As to Mark... hey, we all have so-called "Guilty Pleasures." I don't care about indie cred. I just... well... there is some stuff out there I think is rubbish is all. But that would be a fun "FML" column.
17 - Christopher Rose
Mr Saleski: If you're digging on L.A.M.B., you are one of the groovy fuckers round here! Any chance you'll help me free the people from the false prophets of the
Wasp Streaks NerdsWhite Stripes Nation?18 - Mark Saleski
dunno...i have to admit that i'm a little ascared of the general.

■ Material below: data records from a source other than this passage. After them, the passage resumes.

lemma Phi_sheeted_over:
  assumes \<rho>: "cmod \<rho> = 1"
  shows "sheeted_over torus_reg Phi (target \<inter> PQ_halfplane (\<rho>\<^sup>2)) sheet_indices
           (\<lambda>(\<epsilon>, \<eta>). sheet \<rho> \<epsilon> \<eta>) (\<lambda>(\<epsilon>, \<eta>). sheet_section \<rho> \<epsilon> \<eta>)"
proof (rule sheeted_overI)
  show "torus_reg \<inter> Phi -` (target \<inter> PQ_halfplane (\<rho>\<^sup>2)) = (\<Union>k\<in>sheet_indices. case k of (\<epsilon>, \<eta>) \<Rightarrow> sheet \<rho> \<epsilon> \<eta>)"
  proof
    show "torus_reg \<inter> Phi -` (target \<inter> PQ_halfplane (\<rho>\<^sup>2)) \<subseteq> (\<Union>k\<in>sheet_indices. case k of (\<epsilon>, \<eta>) \<Rightarrow> sheet \<rho> \<epsilon> \<eta>)"
    proof
      fix z assume "z \<in> torus_reg \<inter> Phi -` (target \<inter> PQ_halfplane (\<rho>\<^sup>2))"
      then obtain \<epsilon> \<eta> where "(\<epsilon>, \<eta>) \<in> sheet_indices" "z \<in> sheet \<rho> \<epsilon> \<eta>"
        using sheets_cover[OF \<rho>] by blast
      then show "z \<in> (\<Union>k\<in>sheet_indices. case k of (\<epsilon>, \<eta>) \<Rightarrow> sheet \<rho> \<epsilon> \<eta>)" by force
    qed
  qed (use sheetD Phi_in_target in fast)
  have "k = k'" if k: "k \<in> sheet_indices" "k' \<in> sheet_indices"
    and z: "z \<in> (case k of (\<epsilon>, \<eta>) \<Rightarrow> sheet \<rho> \<epsilon> \<eta>)" "z \<in> (case k' of (\<epsilon>, \<eta>) \<Rightarrow> sheet \<rho> \<epsilon> \<eta>)"
    for k k' z
  proof -
    obtain \<epsilon> \<eta> \<epsilon>' \<eta>' where "k = (\<epsilon>, \<eta>)" "k' = (\<epsilon>', \<eta>')" by force
    moreover obtain u v w where "z = (u, v, w)" by (cases z)
    ultimately show "k = k'" using sheet_index_unique[OF \<rho>] k z by simp
  qed
  then show "disjoint_family_on (\<lambda>(\<epsilon>, \<eta>). sheet \<rho> \<epsilon> \<eta>) sheet_indices"
    unfolding disjoint_family_on_def by blast
qed (auto simp: sheet_indices_def openin_sheet continuous_on_sheet_section[OF \<rho>]
    sheet_section_right_inverse[OF \<rho>] sheet_section_left_inverse[OF \<rho>])

lemma Phi_locally_sheeted:
  assumes "a \<in> target"
  shows "\<exists>T V \<sigma>. a \<in> T \<and> openin (top_of_set target) T \<and> sheeted_over torus_reg Phi T sheet_indices V \<sigma>"
proof -
  define z where "z = A2_P a * A2_Q a"
  define \<rho> where "\<rho> = csqrt (sgn z)"
  have "z \<noteq> 0" using assms by (simp add: z_def A2_in_target_iff)
  then have "cmod (sgn z) = 1" by (simp add: norm_sgn)
  then have "cmod \<rho> = 1" by (simp add: \<rho>_def norm_power[symmetric])
  have "z * cnj (\<rho>\<^sup>2) = (of_real (cmod z) * sgn z) * cnj (sgn z)" by (simp add: \<rho>_def)
  also have "\<dots> = of_real (cmod z) * (cnj (sgn z) * sgn z)" by (simp only: ac_simps)
  finally have "z * cnj (\<rho>\<^sup>2) = of_real (cmod z)" using cnj_sgn_mult_sgn[OF \<open>z \<noteq> 0\<close>] by simp
  then have "a \<in> PQ_halfplane (\<rho>\<^sup>2)"
    using \<open>z \<noteq> 0\<close> unfolding PQ_halfplane_def mem_Collect_eq z_def[symmetric] by simp
  then show ?thesis
    using Phi_sheeted_over[OF \<open>cmod \<rho> = 1\<close>] assms openin_open_Int[OF open_PQ_halfplane] by blast
qed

he's got "that look" in his eye.
i used to feel the same way about the DJ, until i found out he dropped his own freaking ipod in a poo-filled toilet.
no longer scary.
19 - Christopher Rose
Don't worry about the Generalissimo, Mark, it's that magnificent monkeygirl I'm scared of! And the DJ dude is still scary too,
pimped uppooped up ipod or not!As for the lazily titled TWS album, I haven't received my copy yet but, based on the little I've heard of it, I'd imagine their cookie cutter was based upon the lyrical insight of Crosby Stills and Nash' "Our House" overlaid on some music found left in the washroom by the guys who failed the auditions for Captain Beefheart's Magic Band. Now there's one of the true greats of American culture!
20 - Generalissimo Alberto
Alrighty Alienboy. Playtime's over. We'll have none of your deviated preversions in White Stripes Nation. Gwen Stefani? Are you out yo damned mind?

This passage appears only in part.